● **Task description**: Nothing in the entries may change when they are transcribed.
:: Data
lemma third_support:
  obtains p where "p \<in> supports" "p \<noteq> p1" "p \<noteq> q"
proof -
  have "card (neighbours q - {p1, lq}) \<noteq> 0"
    using card_neighbours_q card_Diff_subset[OF _ p1_lq_neighbours_q(1)] p1_lq_neighbours_q(2) by simp
  then obtain u where "u \<in> neighbours q - {p1, lq}"
    by (metis card.empty ex_in_conv)
  then have u: "E q u" "u \<noteq> p1" "u \<noteq> lq"
    unfolding neighbours_def by auto
  have uV: "u \<in> V" and "u \<noteq> q"
    using edge_in_V[OF u(1)] edge_irrefl u(1) by blast+
  obtain z where z: "z \<in> leaves" "d u z < d q z"
    using leaf_on_side[OF uV l1_p1_q_in_V(3) \<open>u \<noteq> q\<close>] .
  have zV: "z \<in> V"
    using z(1) leaves_subset_V by blast
  have "support z \<noteq> q"
  proof
    assume "support z = q"
    then have "z = lq"
      using leaves_at_q z(1) leaves_at_iff by blast
    then have "d u z = 0"
      using z(2) dist_edge[OF lq_leaf(2)] by simp
    then show False
      using dist_eq_0_iff[OF uV zV] u(3) \<open>z = lq\<close> by simp
  qed
  moreover have "support z \<noteq> p1"
  proof
    assume "support z = p1"
    then have "z = l1"
      using leaves_at_p1 z(1) leaves_at_iff by blast
    then show False
      using z(2) dist_q_l1 neighbour_of_q_far_from_l1[OF u(1,2)] by simp
  qed
  ultimately show ?thesis
    using that z(1) unfolding supports_def by blast
qed

end

end

locale degree_two_support_weights = degree_two_support + truncated_resolving
begin

lemma pair_weight_p1: "pair_weight p1 = h p1 + h l1"
  unfolding pair_weight_def leaves_at_p1 by simp

lemma excess_p1: "excess p1 = pair_weight p1 - 1/2"
  unfolding excess_def pair_weight_p1 leaves_at_p1 by simp

lemma sum_weight_triple_le:
  "a \<in> V \<Longrightarrow> b \<in> V \<Longrightarrow> c \<in> V \<Longrightarrow> sum h {a, b, c} \<le> h a + h b + h c"
  using weight_nonneg[of a] weight_nonneg[of b] weight_nonneg[of c] by (simp add: sum.insert_if)

lemma pair_weight_p1_plus_weight_q_ge_1: "1 \<le> pair_weight p1 + h q"
proof -
  have "l1 \<noteq> p1"
    using edge_l1_p1 edge_irrefl by blast
  then have "1 \<le> sum h {l1, p1, q}"
    using resolving_set1_l1_p1 l1_p1_q_in_V by (intro one_le_sum_weight[OF l1_p1_q_in_V(1,2)]) auto
  also have "\<dots> \<le> h l1 + h p1 + h q"
    using sum_weight_triple_le l1_p1_q_in_V by blast
  finally show ?thesis
    unfolding pair_weight_p1 by simp
qed

lemma slack_split: "slack = excess p1 + sum excess (supports - {p1}) + sum h inner_vertices"
  unfolding slack_def using sum.remove[OF finite_supports p1_in_supports, of excess] by simp

lemma slack_ge_half_if_q_not_support:
  assumes "q \<notin> supports"
  shows "1/2 \<le> slack"
proof -
  have "q \<in> inner_vertices"
    using assms l1_p1_q_in_V(3) q_not_leaf unfolding inner_vertices_def by simp
  then have "h q \<le> sum h inner_vertices"
    using sum_weight_mono[OF _ inner_vertices_subset_V, of "{q}"] by simp
  moreover have "0 \<le> sum excess (supports - {p1})"
  proof (cases "card (supports - {p1}) \<ge> 2")
    case True
    then show ?thesis
      using sum_excess_nonneg[of "supports - {p1}"] by simp
  next
    case False
    obtain p where p: "p \<in> supports" "p \<noteq> p1"
      by (rule supports_other_than_p1)
    have "\<forall>a\<in>supports - {p1}. \<forall>b\<in>supports - {p1}. a = b"
      using False finite_supports card_le_Suc0_iff_eq[of "supports - {p1}"] by simp
    then have single: "supports - {p1} = {p}"
      using p by blast
    moreover have "h p \<le> excess p"
      using excess_ge_weight[OF p(1) single_other_support_has_two_leaves[OF single]] .
    moreover have "0 \<le> h p"
      using weight_nonneg p(1) supports_subset_V by blast
    ultimately show ?thesis
      by simp
  qed
  ultimately show ?thesis
    using slack_split excess_p1 pair_weight_p1_plus_weight_q_ge_1 by linarith
qed

lemma slack_split_q:
  assumes "q \<in> supports"
  shows "slack = excess p1 + excess q + sum excess (supports - {p1} - {q}) + sum h inner_vertices"
proof -
  have "q \<in> supports - {p1}"
    using assms p1_ne_q by blast
  then show ?thesis
    using slack_split sum.remove[of "supports - {p1}" q excess] finite_supports by simp
qed

lemma sum_excess_remaining_supports:
  assumes "q \<in> supports" "supports - {p1} - {q} \<noteq> {}"
  obtains c where "c - 1/2 \<le> sum excess (supports - {p1} - {q})"
    "1 \<le> pair_weight p1 + c" "1 \<le> pair_weight q + c"
proof -
  have "supports - {p1} - {q} \<subseteq> supports"
    by blast
  then obtain ps where ps: "ps \<in> supports - {p1} - {q}"
    "pair_weight ps - 1/2 \<le> sum excess (supports - {p1} - {q})"
    using sum_excess_ge_pair_weight assms(2) by blast
  then have "ps \<in> supports" "p1 \<noteq> ps" "q \<noteq> ps"
    by auto
  then have "1 \<le> pair_weight p1 + pair_weight ps" "1 \<le> pair_weight q + pair_weight ps"
    using pair_weights_ge_1 p1_in_supports assms(1) by blast+
  then show ?thesis
    using that ps(2) by blast
qed

lemma slack_ge_quarter_if_q_heavy:
  assumes "q \<in> supports" "card (leaves_at q) \<ge> 2"
  shows "1/4 \<le> slack"
proof -
  let ?Q = "supports - {p1} - {q}"
  have bounds: "h q \<le> excess q" "pair_weight q - 1/2 \<le> excess q" "0 \<le> sum h inner_vertices"
    using excess_ge_weight[OF assms] excess_ge_pair_weight[OF assms(1)]
      sum_weight_nonneg[OF inner_vertices_subset_V] .
  note slack = slack_split_q[OF assms(1)] excess_p1 pair_weight_p1_plus_weight_q_ge_1
  show ?thesis
  proof (cases "?Q = {}")
    case True
    then have "sum excess ?Q = 0"
      by (simp only: sum.empty)
    then show ?thesis
      using bounds slack by linarith
  next
    case False
    then obtain c where "c - 1/2 \<le> sum excess ?Q" "1 \<le> pair_weight p1 + c" "1 \<le> pair_weight q + c"
      by (rule sum_excess_remaining_supports[OF assms(1)])
    then show ?thesis
      using bounds slack by linarith
  qed
qed

lemma pair_weight_p1_plus_weight_lq_ge_1:
  assumes "q \<in> supports" "leaves_at q = {lq}"
  shows "1 \<le> pair_weight p1 + h lq"
proof -
  note lq = lq_leaf[OF assms]
  have "1 \<le> sum h {lq, p1, l1}"
    using resolving_set1_lq_p1[OF assms] l1_p1_q_in_V lq
    by (intro one_le_sum_weight[OF lq(4) l1_p1_q_in_V(2) lq(5)]) auto
  also have "\<dots> \<le> h lq + h p1 + h l1"
    using sum_weight_triple_le l1_p1_q_in_V lq(4) by blast
  finally show ?thesis
    unfolding pair_weight_p1 by simp
qed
::::
● **Task result**:
lemma third_support:
  obtains p where "p \<in> supports" "p \<noteq> p1" "p \<noteq> q"
proof -
  have "card (neighbours q - {p1, lq}) \<noteq> 0"
    using card_neighbours_q card_Diff_subset[OF _ p1_lq_neighbours_q(1)] p1_lq_neighbours_q(2) by simp
  then obtain u where "u \<in> neighbours q - {p1, lq}"
    by (metis card.empty ex_in_conv)
  then have u: "E q u" "u \<noteq> p1" "u \<noteq> lq"
    unfolding neighbours_def by auto
  have uV: "u \<in> V" and "u \<noteq> q"
    using edge_in_V[OF u(1)] edge_irrefl u(1) by blast+
  obtain z where z: "z \<in> leaves" "d u z < d q z"
    using leaf_on_side[OF uV l1_p1_q_in_V(3) \<open>u \<noteq> q\<close>] .
  have zV: "z \<in> V"
    using z(1) leaves_subset_V by blast
  have "support z \<noteq> q"
  proof
    assume "support z = q"
    then have "z = lq"
      using leaves_at_q z(1) leaves_at_iff by blast
    then have "d u z = 0"
      using z(2) dist_edge[OF lq_leaf(2)] by simp
    then show False
      using dist_eq_0_iff[OF uV zV] u(3) \<open>z = lq\<close> by simp
  qed
  moreover have "support z \<noteq> p1"
  proof
    assume "support z = p1"
    then have "z = l1"
      using leaves_at_p1 z(1) leaves_at_iff by blast
    then show False
      using z(2) dist_q_l1 neighbour_of_q_far_from_l1[OF u(1,2)] by simp
  qed
  ultimately show ?thesis
    using that z(1) unfolding supports_def by blast
qed

end

end

locale degree_two_support_weights = degree_two_support + truncated_resolving
begin

lemma pair_weight_p1: "pair_weight p1 = h p1 + h l1"
  unfolding pair_weight_def leaves_at_p1 by simp

lemma excess_p1: "excess p1 = pair_weight p1 - 1/2"
  unfolding excess_def pair_weight_p1 leaves_at_p1 by simp

lemma sum_weight_triple_le:
  "a \<in> V \<Longrightarrow> b \<in> V \<Longrightarrow> c \<in> V \<Longrightarrow> sum h {a, b, c} \<le> h a + h b + h c"
  using weight_nonneg[of a] weight_nonneg[of b] weight_nonneg[of c] by (simp add: sum.insert_if)

lemma pair_weight_p1_plus_weight_q_ge_1: "1 \<le> pair_weight p1 + h q"
proof -
  have "l1 \<noteq> p1"
    using edge_l1_p1 edge_irrefl by blast
  then have "1 \<le> sum h {l1, p1, q}"
    using resolving_set1_l1_p1 l1_p1_q_in_V by (intro one_le_sum_weight[OF l1_p1_q_in_V(1,2)]) auto
  also have "\<dots> \<le> h l1 + h p1 + h q"
    using sum_weight_triple_le l1_p1_q_in_V by blast
  finally show ?thesis
    unfolding pair_weight_p1 by simp
qed

lemma slack_split: "slack = excess p1 + sum excess (supports - {p1}) + sum h inner_vertices"
  unfolding slack_def using sum.remove[OF finite_supports p1_in_supports, of excess] by simp

lemma slack_ge_half_if_q_not_support:
  assumes "q \<notin> supports"
  shows "1/2 \<le> slack"
proof -
  have "q \<in> inner_vertices"
    using assms l1_p1_q_in_V(3) q_not_leaf unfolding inner_vertices_def by simp
  then have "h q \<le> sum h inner_vertices"
    using sum_weight_mono[OF _ inner_vertices_subset_V, of "{q}"] by simp
  moreover have "0 \<le> sum excess (supports - {p1})"
  proof (cases "card (supports - {p1}) \<ge> 2")
    case True
    then show ?thesis
      using sum_excess_nonneg[of "supports - {p1}"] by simp
  next
    case False
    obtain p where p: "p \<in> supports" "p \<noteq> p1"
      by (rule supports_other_than_p1)
    have "\<forall>a\<in>supports - {p1}. \<forall>b\<in>supports - {p1}. a = b"
      using False finite_supports card_le_Suc0_iff_eq[of "supports - {p1}"] by simp
    then have single: "supports - {p1} = {p}"
      using p by blast
    moreover have "h p \<le> excess p"
      using excess_ge_weight[OF p(1) single_other_support_has_two_leaves[OF single]] .
    moreover have "0 \<le> h p"
      using weight_nonneg p(1) supports_subset_V by blast
    ultimately show ?thesis
      by simp
  qed
  ultimately show ?thesis
    using slack_split excess_p1 pair_weight_p1_plus_weight_q_ge_1 by linarith
qed

lemma slack_split_q:
  assumes "q \<in> supports"
  shows "slack = excess p1 + excess q + sum excess (supports - {p1} - {q}) + sum h inner_vertices"
proof -
  have "q \<in> supports - {p1}"
    using assms p1_ne_q by blast
  then show ?thesis
    using slack_split sum.remove[of "supports - {p1}" q excess] finite_supports by simp
qed

lemma sum_excess_remaining_supports:
  assumes "q \<in> supports" "supports - {p1} - {q} \<noteq> {}"
  obtains c where "c - 1/2 \<le> sum excess (supports - {p1} - {q})"
    "1 \<le> pair_weight p1 + c" "1 \<le> pair_weight q + c"
proof -
  have "supports - {p1} - {q} \<subseteq> supports"
    by blast
  then obtain ps where ps: "ps \<in> supports - {p1} - {q}"
    "pair_weight ps - 1/2 \<le> sum excess (supports - {p1} - {q})"
    using sum_excess_ge_pair_weight assms(2) by blast
  then have "ps \<in> supports" "p1 \<noteq> ps" "q \<noteq> ps"
    by auto
  then have "1 \<le> pair_weight p1 + pair_weight ps" "1 \<le> pair_weight q + pair_weight ps"
    using pair_weights_ge_1 p1_in_supports assms(1) by blast+
  then show ?thesis
    using that ps(2) by blast
qed

lemma slack_ge_quarter_if_q_heavy:
  assumes "q \<in> supports" "card (leaves_at q) \<ge> 2"
  shows "1/4 \<le> slack"
proof -
  let ?Q = "supports - {p1} - {q}"
  have bounds: "h q \<le> excess q" "pair_weight q - 1/2 \<le> excess q" "0 \<le> sum h inner_vertices"
    using excess_ge_weight[OF assms] excess_ge_pair_weight[OF assms(1)]
      sum_weight_nonneg[OF inner_vertices_subset_V] .
  note slack = slack_split_q[OF assms(1)] excess_p1 pair_weight_p1_plus_weight_q_ge_1
  show ?thesis
  proof (cases "?Q = {}")
    case True
    then have "sum excess ?Q = 0"
      by (simp only: sum.empty)
    then show ?thesis
      using bounds slack by linarith
  next
    case False
    then obtain c where "c - 1/2 \<le> sum excess ?Q" "1 \<le> pair_weight p1 + c" "1 \<le> pair_weight q + c"
      by (rule sum_excess_remaining_supports[OF assms(1)])
    then show ?thesis
      using bounds slack by linarith
  qed
qed

lemma pair_weight_p1_plus_weight_lq_ge_1:
  assumes "q \<in> supports" "leaves_at q = {lq}"
  shows "1 \<le> pair_weight p1 + h lq"
proof -
  note lq = lq_leaf[OF assms]
  have "1 \<le> sum h {lq, p1, l1}"
    using resolving_set1_lq_p1[OF assms] l1_p1_q_in_V lq
    by (intro one_le_sum_weight[OF lq(4) l1_p1_q_in_V(2) lq(5)]) auto
  also have "\<dots> \<le> h lq + h p1 + h l1"
    using sum_weight_triple_le l1_p1_q_in_V lq(4) by blast
  finally show ?thesis
    unfolding pair_weight_p1 by simp
qed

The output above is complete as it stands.